** DATASET RECORDS follows **

lemma rho_mono: "x \<le> y \<Longrightarrow> rho D x \<le> rho D y"
  unfolding rho_def by (rule finite_measure_mono) (auto, measurable)

lemma tendsto_integral_indicator_less_left:
  fixes g :: "real \<Rightarrow> real"
  assumes g: "g \<in> borel_measurable D" "\<And>y. 0 \<le> y \<Longrightarrow> \<bar>g y\<bar> \<le> B"
  shows "((\<lambda>t. \<integral>y. g y * indicator {y. y < t} y \<partial>D) \<longlongrightarrow> (\<integral>y. g y * indicator {y. y < x} y \<partial>D))
           (at_left x)"
proof -
  have "0 \<le> B"
    using g(2)[of 0] abs_ge_zero[of "g 0"] by linarith
  show ?thesis
  proof (rule tendsto_integral_bounded_within[where B=B])
    fix y :: real
    show "((\<lambda>t. g y * indicator {y. y < t} y) \<longlongrightarrow> g y * indicator {y. y < x} y) (at_left x)"
    proof (cases "y < x")
      case True
      have "\<forall>\<^sub>F t in at_left x. g y * indicator {y. y < t} y = g y * indicator {y. y < x} y"
        using eventually_at_left_real[OF True] by eventually_elim (use True in auto)
      then show ?thesis by (rule tendsto_eventually)
    next
      case False
      then show ?thesis
        by (intro tendsto_eventually) (auto simp: eventually_at_filter)
    qed
  qed (use g \<open>0 \<le> B\<close> in \<open>auto simp: space_halfline indicator_def\<close>)
qed

lemma tendsto_rho_left: "(rho D \<longlongrightarrow> rho D x) (at_left x)"
  using tendsto_integral_indicator_less_left[of "\<lambda>_. 1" 1 x] by (simp add: rho_eq_integral[abs_def])

lemma tendsto_rho_at_top: "(rho D \<longlongrightarrow> 1) at_top"
proof -
  have "((\<lambda>t. \<integral>y. indicator {y. y < t} y \<partial>D) \<longlongrightarrow> (\<integral>y. (1::real) \<partial>D)) at_top"
  proof (rule integral_dominated_convergence_at_top[where w="\<lambda>_. 1"])
    have "\<forall>\<^sub>F t in at_top. indicator {y. y < t} y = (1::real)" for y :: real
      using eventually_gt_at_top[of y] by eventually_elim auto
    then show "AE y in D. ((\<lambda>t. indicator {y. y < t} y :: real) \<longlongrightarrow> 1) at_top"
      by (intro AE_I2 tendsto_eventually)
  qed auto
  then show ?thesis by (simp add: rho_eq_integral[abs_def] prob_space)
qed

lemma
  shows xlow_nonneg: "0 \<le> xlow D" and rho_pos_above_xlow: "xlow D < x \<Longrightarrow> 0 < rho D x"
proof -
  define T where "T = {x. 0 \<le> x \<and> rho D x = 0}"
  obtain N where N: "1/2 < rho D N"
    using order_tendstoD(1)[OF tendsto_rho_at_top, of "1/2"]
    unfolding eventually_at_top_linorder by auto
  have T_le: "t \<le> N" if "t \<in> T" for t
    using that N rho_mono[of N t] by (cases "t \<le> N") (auto simp: T_def)
  have bdd: "bdd_above T"
    using T_le by (rule bdd_aboveI)
  have "Sup T \<in> T"
  proof (rule Sup_mem_downward_closed[OF _ bdd])
    show "0 \<in> T" by (simp add: T_def rho_zero)
    show "x \<in> T" if "y \<in> T" "0 \<le> x" "x \<le> y" for x y
      using that rho_mono[of x y] rho_nonneg[of x] by (auto simp: T_def)
    fix l :: real assume "0 < l" and ev: "\<forall>\<^sub>F t in at_left l. t \<in> T"
    have "((\<lambda>_. 0) \<longlongrightarrow> rho D l) (at_left l)"
      by (rule Lim_transform_eventually[OF tendsto_rho_left])
        (use ev in \<open>auto simp: T_def elim: eventually_mono\<close>)
    then show "l \<in> T"
      using \<open>0 < l\<close> by (subst (asm) tendsto_const_iff) (auto simp: T_def)
  qed
  moreover have xlow_eq: "xlow D = Sup T"
    unfolding xlow_def using calculation cSup_upper[OF _ bdd]
    by (intro Greatest_equality) (auto simp: T_def)
  ultimately show "0 \<le> xlow D"
    by (auto simp: T_def)
  assume "xlow D < x"
  then have "x \<notin> T"
    using cSup_upper[OF _ bdd] xlow_eq by force
  then show "0 < rho D x"
    using \<open>xlow D < x\<close> \<open>0 \<le> xlow D\<close> rho_nonneg[of x] by (auto simp: T_def)
qed

lemma xhigh_cases:
  obtains (infinite) "xhigh D = \<infinity>" "\<And>x. 0 \<le> x \<Longrightarrow> rho D x < 1"
  | (finite) h where "xhigh D = ereal h" "0 \<le> h" "\<And>x. h < x \<Longrightarrow> rho D x = 1"
      "\<And>x. 0 \<le> x \<Longrightarrow> x < h \<Longrightarrow> rho D x < 1"
proof -
  define S where "S = {x. 0 \<le> x \<and> rho D x = 1}"
  show ?thesis
  proof (cases "S = {}")
    case True
    have "xhigh D = Inf (ereal ` S)"
      by (simp add: xhigh_def S_def)
    then have "xhigh D = \<infinity>"
      using True by (simp add: top_ereal_def)
    moreover have "rho D x < 1" if "0 \<le> x" for x
      using True that rho_le_1[of x] by (auto simp: S_def less_le)
    ultimately show ?thesis by (rule infinite)
  next
    case False
    have bdd: "bdd_below S" by (auto simp: S_def intro: bdd_belowI[where m=0])
    have "xhigh D = ereal (Inf S)"
      using ereal_Inf'[OF bdd False] by (simp add: xhigh_def S_def)
    moreover have "0 \<le> Inf S"
      by (rule cInf_greatest[OF False]) (auto simp: S_def)
    moreover have "rho D x = 1" if x: "Inf S < x" for x
    proof -
      obtain s where "s \<in> S" "s < x"
        using cInf_less_iff[OF False bdd, of x] x by auto
      then show ?thesis using rho_mono[of s x] rho_le_1[of x] by (simp add: S_def)
    qed
    moreover have "rho D x < 1" if "0 \<le> x" "x < Inf S" for x
      using cInf_lower[OF _ bdd, of x] that rho_le_1[of x] by (force simp: S_def less_le)
    ultimately show ?thesis by (rule finite)
  qed
qed

lemma xhigh_finite:
  assumes "xhigh D = ereal h"
  shows "0 \<le> h \<and> (\<forall>x>h. rho D x = 1) \<and> (\<forall>x. 0 \<le> x \<and> x < h \<longrightarrow> rho D x < 1)"
  using assms by (cases rule: xhigh_cases) auto

end

section \<open>The arrival process\<close>

context halfline_distribution
begin

lemma prob_space_arrivals: "prob_space (arrivals D)"
  unfolding arrivals_def by (rule prob_space_PiM) (rule prob_space_axioms)

lemma space_arrivals: "space (arrivals D) = {\<omega>. \<forall>i. 0 \<le> \<omega> i}"
  unfolding arrivals_def by (auto simp: space_PiM space_halfline PiE_def extensional_def)

lemma measurable_coordinate[measurable]: "(\<lambda>\<omega>. \<omega> i) \<in> measurable (arrivals D) D"
  unfolding arrivals_def by simp

lemma integrable_bounded_arrivals:
  fixes f :: "(nat \<Rightarrow> real) \<Rightarrow> real"
  assumes "f \<in> borel_measurable (arrivals D)" "\<And>\<omega>. \<omega> \<in> space (arrivals D) \<Longrightarrow> \<bar>f \<omega>\<bar> \<le> B"
  shows "integrable (arrivals D) f"
  using prob_space_arrivals assms
  by (intro finite_measure.integrable_const_bound[where B=B]) (auto simp: prob_space_def)

lemma integral_arrivals_fun_upd:
  fixes g :: "(nat \<Rightarrow> real) \<Rightarrow> real"
  assumes g: "g \<in> borel_measurable (arrivals D)" "\<And>\<omega>. \<omega> \<in> space (arrivals D) \<Longrightarrow> \<bar>g \<omega>\<bar> \<le> B"
  shows "(\<integral>\<omega>. g \<omega> \<partial>arrivals D) = (\<integral>x. (\<integral>X. g (X(j := x)) \<partial>\<Pi>\<^sub>M i\<in>UNIV - {j}. D) \<partial>D)"
proof -
  let ?P = "\<Pi>\<^sub>M i\<in>UNIV - {j}. D"
  interpret P: prob_space ?P by (rule prob_space_PiM) (rule prob_space_axioms)
  interpret DP: pair_prob_space D ?P ..
  define T where "T p = (snd p)(j := fst p)" for p :: "real \<times> (nat \<Rightarrow> real)"
  have upd: "T \<in> measurable (D \<Otimes>\<^sub>M ?P) (arrivals D)"
    unfolding arrivals_def T_def by (rule measurable_fun_upd[where J="UNIV - {j}"]) auto
  have "insert j (UNIV - {j}) = UNIV" "(\<lambda>(x, X). X(j := x)) = T"
    by (auto simp: T_def)
  then have "distr (D \<Otimes>\<^sub>M ?P) (arrivals D) T = arrivals D"
    using distr_pair_PiM_eq_PiM[of "UNIV - {j}" "\<lambda>_. D" j] prob_space_axioms
    by (simp add: arrivals_def)
  then have "(\<integral>\<omega>. g \<omega> \<partial>arrivals D) = (\<integral>p. g (T p) \<partial>(D \<Otimes>\<^sub>M ?P))"
    using integral_distr[OF upd g(1)] by simp
  also have "\<dots> = (\<integral>x. (\<integral>X. g (X(j := x)) \<partial>?P) \<partial>D)"
  proof (rule DP.integral_fst'[symmetric, THEN trans])
    show "integrable (D \<Otimes>\<^sub>M ?P) (\<lambda>p. g (T p))"
      using g measurable_space[OF upd]
      by (intro DP.integrable_const_bound[where B=B]) (auto intro: measurable_compose[OF upd])
  qed (simp add: T_def)
  finally show ?thesis .
qed

lemma integral_mult_coordinate:
  fixes u :: "(nat \<Rightarrow> real) \<Rightarrow> real" and h :: "real \<Rightarrow> real"
  assumes u: "u \<in> borel_measurable (arrivals D)" "\<And>\<omega>. \<omega> \<in> space (arrivals D) \<Longrightarrow> \<bar>u \<omega>\<bar> \<le> Bu"
    and u_indep: "\<And>w x. w \<in> space (arrivals D) \<Longrightarrow> 0 \<le> x \<Longrightarrow> u (w(j := x)) = u w"
    and h: "h \<in> borel_measurable D" "\<And>x. 0 \<le> x \<Longrightarrow> \<bar>h x\<bar> \<le> Bh"
  shows "(\<integral>\<omega>. u \<omega> * h (\<omega> j) \<partial>arrivals D) = (\<integral>\<omega>. u \<omega> \<partial>arrivals D) * (\<integral>x. h x \<partial>D)"
proof -
  let ?P = "\<Pi>\<^sub>M i\<in>UNIV - {j}. D"
  interpret P: prob_space ?P by (rule prob_space_PiM) (rule prob_space_axioms)
  define v where "v X = u (X(j := 0))" for X
  have uv: "u (X(j := x)) = v X" if "X \<in> space ?P" "0 \<le> x" for X x
  proof -
    have "X(j := 0) \<in> space (arrivals D)"
      using that by (auto simp: space_arrivals space_PiM space_halfline)
    from u_indep[OF this \<open>0 \<le> x\<close>] show ?thesis by (simp add: v_def)
  qed
  have key: "(\<integral>\<omega>. u \<omega> * g (\<omega> j) \<partial>arrivals D) = (\<integral>X. v X \<partial>?P) * (\<integral>x. g x \<partial>D)"
    if g: "g \<in> borel_measurable D" "\<And>x. 0 \<le> x \<Longrightarrow> \<bar>g x\<bar> \<le> B" for g B
  proof -
    have "\<bar>u \<omega> * g (\<omega> j)\<bar> \<le> Bu * B" if "\<omega> \<in> space (arrivals D)" for \<omega>
      using u(2)[OF that] g(2)[of "\<omega> j"] that
      by (auto simp: abs_mult space_arrivals intro!: mult_mono)
    then have "(\<integral>\<omega>. u \<omega> * g (\<omega> j) \<partial>arrivals D)
        = (\<integral>x. (\<integral>X. u (X(j := x)) * g x \<partial>?P) \<partial>D)"
      using u(1) g(1) by (subst integral_arrivals_fun_upd[where B="Bu * B" and j=j]) auto
    also have "\<dots> = (\<integral>x. (\<integral>X. v X * g x \<partial>?P) \<partial>D)"
      by (intro Bochner_Integration.integral_cong refl) (auto simp: uv space_halfline)
    finally show ?thesis by simp
  qed
  have "(\<integral>\<omega>. u \<omega> \<partial>arrivals D) = (\<integral>X. v X \<partial>?P)"
    using key[of "\<lambda>_. 1" 1] by (simp add: prob_space)
  with key[OF h] show ?thesis by simp
qed

lemma integral_coordinate:
  fixes h :: "real \<Rightarrow> real"
  assumes "h \<in> borel_measurable D" "\<And>x. 0 \<le> x \<Longrightarrow> \<bar>h x\<bar> \<le> B"
  shows "(\<integral>\<omega>. h (\<omega> j) \<partial>arrivals D) = (\<integral>x. h x \<partial>D)"
  using integral_mult_coordinate[of "\<lambda>_. 1" 1 j h B] assms
    prob_space.prob_space[OF prob_space_arrivals]
  by simp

** End of DATASET RECORDS **

:: WHAT TO PRODUCE ::
Go through the records above, find every line with the word "infinite", and list those lines.

:: FINISHED TASK ::
  obtains (infinite) "xhigh D = \<infinity>" "\<And>x. 0 \<le> x \<Longrightarrow> rho D x < 1"
    ultimately show ?thesis by (rule infinite)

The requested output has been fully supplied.